**Work item:**
Filter these entries down to lines holding "vertex".
————
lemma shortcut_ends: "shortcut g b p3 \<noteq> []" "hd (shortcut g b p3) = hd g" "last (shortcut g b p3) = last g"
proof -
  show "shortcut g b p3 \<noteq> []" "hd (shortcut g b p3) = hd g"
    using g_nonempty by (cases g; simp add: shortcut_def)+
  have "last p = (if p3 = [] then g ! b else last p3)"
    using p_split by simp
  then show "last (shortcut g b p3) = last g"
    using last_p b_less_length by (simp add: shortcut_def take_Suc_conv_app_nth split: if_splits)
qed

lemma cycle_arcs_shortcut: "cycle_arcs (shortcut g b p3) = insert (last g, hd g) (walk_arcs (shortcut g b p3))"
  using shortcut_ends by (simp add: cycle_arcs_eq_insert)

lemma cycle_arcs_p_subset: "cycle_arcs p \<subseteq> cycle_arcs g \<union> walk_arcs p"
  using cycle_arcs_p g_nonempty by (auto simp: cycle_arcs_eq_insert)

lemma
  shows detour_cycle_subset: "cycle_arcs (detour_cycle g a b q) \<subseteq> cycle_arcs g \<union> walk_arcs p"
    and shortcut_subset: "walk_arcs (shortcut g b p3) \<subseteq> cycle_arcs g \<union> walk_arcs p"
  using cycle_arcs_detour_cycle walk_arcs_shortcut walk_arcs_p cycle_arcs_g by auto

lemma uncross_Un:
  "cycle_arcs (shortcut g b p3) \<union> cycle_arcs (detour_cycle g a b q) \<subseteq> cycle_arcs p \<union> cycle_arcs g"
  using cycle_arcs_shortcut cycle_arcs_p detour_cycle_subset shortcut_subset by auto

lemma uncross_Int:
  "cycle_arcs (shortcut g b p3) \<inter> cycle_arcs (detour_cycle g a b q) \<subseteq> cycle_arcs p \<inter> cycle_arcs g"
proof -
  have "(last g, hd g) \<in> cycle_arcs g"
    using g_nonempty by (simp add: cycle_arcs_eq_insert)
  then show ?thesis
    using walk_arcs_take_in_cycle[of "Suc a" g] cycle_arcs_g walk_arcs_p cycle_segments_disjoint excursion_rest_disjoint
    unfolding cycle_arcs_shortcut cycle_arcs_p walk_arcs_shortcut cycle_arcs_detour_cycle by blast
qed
————
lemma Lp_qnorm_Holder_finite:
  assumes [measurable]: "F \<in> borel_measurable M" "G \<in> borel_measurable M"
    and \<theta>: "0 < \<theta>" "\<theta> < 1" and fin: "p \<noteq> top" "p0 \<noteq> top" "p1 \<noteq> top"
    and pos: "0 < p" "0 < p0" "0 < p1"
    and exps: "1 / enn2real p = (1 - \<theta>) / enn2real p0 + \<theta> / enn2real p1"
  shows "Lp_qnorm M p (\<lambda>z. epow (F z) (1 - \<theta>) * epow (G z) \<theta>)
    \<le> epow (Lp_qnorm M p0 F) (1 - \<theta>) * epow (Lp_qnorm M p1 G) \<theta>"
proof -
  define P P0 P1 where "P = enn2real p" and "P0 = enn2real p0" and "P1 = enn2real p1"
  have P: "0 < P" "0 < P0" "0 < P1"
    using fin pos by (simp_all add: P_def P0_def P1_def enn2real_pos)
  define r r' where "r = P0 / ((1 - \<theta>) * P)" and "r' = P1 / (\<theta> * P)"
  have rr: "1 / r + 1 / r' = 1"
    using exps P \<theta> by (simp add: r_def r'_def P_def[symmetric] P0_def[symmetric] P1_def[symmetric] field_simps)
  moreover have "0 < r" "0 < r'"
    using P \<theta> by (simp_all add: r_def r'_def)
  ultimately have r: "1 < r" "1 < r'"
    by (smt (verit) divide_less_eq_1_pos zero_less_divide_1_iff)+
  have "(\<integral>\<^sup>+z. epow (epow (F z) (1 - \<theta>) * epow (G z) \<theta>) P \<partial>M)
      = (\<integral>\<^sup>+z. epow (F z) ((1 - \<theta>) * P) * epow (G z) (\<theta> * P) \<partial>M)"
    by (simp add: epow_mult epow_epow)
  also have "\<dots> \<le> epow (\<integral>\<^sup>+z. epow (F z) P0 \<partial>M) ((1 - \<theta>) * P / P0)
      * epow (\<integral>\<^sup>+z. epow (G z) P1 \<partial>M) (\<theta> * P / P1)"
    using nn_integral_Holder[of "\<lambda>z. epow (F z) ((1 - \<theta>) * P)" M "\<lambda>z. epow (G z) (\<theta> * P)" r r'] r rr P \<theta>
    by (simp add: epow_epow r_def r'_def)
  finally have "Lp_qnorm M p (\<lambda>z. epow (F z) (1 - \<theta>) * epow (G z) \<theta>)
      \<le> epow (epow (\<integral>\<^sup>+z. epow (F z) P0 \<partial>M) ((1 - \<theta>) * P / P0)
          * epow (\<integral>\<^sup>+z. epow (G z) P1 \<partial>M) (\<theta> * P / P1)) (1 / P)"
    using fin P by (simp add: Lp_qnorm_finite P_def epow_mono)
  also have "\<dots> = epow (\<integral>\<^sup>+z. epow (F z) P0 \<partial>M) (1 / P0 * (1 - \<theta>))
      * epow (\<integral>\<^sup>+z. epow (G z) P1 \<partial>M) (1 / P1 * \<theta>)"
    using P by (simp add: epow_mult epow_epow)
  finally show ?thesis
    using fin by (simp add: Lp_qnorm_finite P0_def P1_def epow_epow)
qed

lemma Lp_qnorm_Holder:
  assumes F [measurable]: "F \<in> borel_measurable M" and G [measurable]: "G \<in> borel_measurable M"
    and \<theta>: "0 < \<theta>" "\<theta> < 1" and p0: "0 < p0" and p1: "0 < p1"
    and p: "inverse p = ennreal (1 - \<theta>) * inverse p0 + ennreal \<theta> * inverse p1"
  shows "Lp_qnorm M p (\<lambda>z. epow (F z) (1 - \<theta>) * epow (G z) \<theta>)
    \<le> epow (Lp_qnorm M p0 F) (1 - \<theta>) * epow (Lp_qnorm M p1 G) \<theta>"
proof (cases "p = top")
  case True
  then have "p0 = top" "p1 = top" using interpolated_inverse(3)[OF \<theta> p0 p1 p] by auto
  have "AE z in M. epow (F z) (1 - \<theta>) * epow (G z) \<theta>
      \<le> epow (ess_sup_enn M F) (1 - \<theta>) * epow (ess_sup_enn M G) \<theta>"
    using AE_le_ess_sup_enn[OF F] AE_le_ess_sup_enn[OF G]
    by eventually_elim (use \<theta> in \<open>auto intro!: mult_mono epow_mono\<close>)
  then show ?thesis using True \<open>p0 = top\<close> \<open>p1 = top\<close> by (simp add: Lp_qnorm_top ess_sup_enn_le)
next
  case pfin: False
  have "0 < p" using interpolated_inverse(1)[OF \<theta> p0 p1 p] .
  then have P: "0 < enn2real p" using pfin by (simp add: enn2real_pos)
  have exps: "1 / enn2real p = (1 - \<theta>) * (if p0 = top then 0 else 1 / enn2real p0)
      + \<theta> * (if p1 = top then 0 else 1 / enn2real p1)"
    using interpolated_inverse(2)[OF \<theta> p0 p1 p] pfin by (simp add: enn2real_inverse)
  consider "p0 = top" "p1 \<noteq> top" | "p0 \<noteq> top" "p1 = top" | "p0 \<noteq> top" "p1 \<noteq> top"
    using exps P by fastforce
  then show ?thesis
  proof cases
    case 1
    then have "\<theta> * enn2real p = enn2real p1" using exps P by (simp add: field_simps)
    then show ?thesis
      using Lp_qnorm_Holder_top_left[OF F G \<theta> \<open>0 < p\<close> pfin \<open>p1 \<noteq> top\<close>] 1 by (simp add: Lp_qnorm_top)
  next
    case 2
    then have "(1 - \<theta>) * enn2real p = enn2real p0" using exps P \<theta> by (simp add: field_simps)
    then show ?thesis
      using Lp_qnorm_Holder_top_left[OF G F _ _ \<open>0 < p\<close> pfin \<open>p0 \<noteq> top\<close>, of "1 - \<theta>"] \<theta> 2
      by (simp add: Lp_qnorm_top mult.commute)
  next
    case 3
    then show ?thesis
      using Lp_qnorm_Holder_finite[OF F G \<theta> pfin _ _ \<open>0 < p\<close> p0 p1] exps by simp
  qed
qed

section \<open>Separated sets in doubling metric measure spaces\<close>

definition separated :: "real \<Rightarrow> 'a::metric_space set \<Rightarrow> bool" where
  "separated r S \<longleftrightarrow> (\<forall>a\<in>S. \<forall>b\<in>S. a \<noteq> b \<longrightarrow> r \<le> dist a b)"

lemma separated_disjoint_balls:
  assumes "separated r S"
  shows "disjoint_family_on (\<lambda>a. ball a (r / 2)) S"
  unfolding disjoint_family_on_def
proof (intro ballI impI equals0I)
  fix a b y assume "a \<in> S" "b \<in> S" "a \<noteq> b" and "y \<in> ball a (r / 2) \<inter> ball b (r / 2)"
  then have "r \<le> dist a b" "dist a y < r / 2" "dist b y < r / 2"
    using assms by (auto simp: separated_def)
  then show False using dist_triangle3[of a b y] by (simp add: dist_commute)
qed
————
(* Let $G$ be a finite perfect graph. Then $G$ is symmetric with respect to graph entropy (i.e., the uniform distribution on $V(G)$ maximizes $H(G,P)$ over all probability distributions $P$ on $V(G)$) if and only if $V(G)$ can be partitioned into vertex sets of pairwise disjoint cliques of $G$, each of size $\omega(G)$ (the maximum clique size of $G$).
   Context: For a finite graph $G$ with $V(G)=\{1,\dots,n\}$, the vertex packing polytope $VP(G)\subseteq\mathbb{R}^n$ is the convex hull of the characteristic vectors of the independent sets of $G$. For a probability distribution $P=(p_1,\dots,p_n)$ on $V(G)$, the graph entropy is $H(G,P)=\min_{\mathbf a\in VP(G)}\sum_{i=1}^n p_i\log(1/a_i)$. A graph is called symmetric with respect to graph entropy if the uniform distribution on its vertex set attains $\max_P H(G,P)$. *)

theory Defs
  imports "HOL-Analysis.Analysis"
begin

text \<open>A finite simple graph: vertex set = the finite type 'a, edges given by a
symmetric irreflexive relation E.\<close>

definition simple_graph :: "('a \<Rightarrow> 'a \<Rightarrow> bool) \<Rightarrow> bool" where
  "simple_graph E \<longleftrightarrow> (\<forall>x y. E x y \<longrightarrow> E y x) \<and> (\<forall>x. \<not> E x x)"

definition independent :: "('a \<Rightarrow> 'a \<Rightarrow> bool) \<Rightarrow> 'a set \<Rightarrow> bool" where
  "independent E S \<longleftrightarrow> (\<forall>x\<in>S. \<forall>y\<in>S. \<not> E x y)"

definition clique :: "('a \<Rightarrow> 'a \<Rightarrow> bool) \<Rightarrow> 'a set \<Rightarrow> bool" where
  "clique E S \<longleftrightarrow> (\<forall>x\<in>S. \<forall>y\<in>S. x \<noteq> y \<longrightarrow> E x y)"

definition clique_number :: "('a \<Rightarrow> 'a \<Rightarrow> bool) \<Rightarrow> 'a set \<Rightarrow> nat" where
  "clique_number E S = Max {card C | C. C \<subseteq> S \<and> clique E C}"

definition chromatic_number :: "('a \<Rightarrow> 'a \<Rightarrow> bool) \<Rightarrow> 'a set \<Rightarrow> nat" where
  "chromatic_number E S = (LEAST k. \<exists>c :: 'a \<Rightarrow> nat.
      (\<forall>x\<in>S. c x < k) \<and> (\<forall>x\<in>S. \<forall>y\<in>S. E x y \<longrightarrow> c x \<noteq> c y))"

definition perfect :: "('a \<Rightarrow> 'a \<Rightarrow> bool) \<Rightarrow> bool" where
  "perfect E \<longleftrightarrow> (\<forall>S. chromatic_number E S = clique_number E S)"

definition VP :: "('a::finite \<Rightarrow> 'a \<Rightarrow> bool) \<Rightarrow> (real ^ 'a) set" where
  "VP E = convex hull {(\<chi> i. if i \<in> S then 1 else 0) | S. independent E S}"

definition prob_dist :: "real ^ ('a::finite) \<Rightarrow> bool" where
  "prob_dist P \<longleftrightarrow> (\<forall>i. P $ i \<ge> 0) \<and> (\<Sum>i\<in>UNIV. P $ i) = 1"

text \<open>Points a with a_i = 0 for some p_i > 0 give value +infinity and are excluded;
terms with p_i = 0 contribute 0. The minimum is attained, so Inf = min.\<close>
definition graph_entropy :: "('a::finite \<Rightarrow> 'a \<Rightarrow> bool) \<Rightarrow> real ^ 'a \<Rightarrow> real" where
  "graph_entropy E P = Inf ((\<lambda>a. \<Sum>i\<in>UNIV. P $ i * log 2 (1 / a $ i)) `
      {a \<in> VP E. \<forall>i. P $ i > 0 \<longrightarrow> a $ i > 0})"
————
**Answer below:**
(* Let $G$ be a finite perfect graph. Then $G$ is symmetric with respect to graph entropy (i.e., the uniform distribution on $V(G)$ maximizes $H(G,P)$ over all probability distributions $P$ on $V(G)$) if and only if $V(G)$ can be partitioned into vertex sets of pairwise disjoint cliques of $G$, each of size $\omega(G)$ (the maximum clique size of $G$).
   Context: For a finite graph $G$ with $V(G)=\{1,\dots,n\}$, the vertex packing polytope $VP(G)\subseteq\mathbb{R}^n$ is the convex hull of the characteristic vectors of the independent sets of $G$. For a probability distribution $P=(p_1,\dots,p_n)$ on $V(G)$, the graph entropy is $H(G,P)=\min_{\mathbf a\in VP(G)}\sum_{i=1}^n p_i\log(1/a_i)$. A graph is called symmetric with respect to graph entropy if the uniform distribution on its vertex set attains $\max_P H(G,P)$. *)
text \<open>A finite simple graph: vertex set = the finite type 'a, edges given by a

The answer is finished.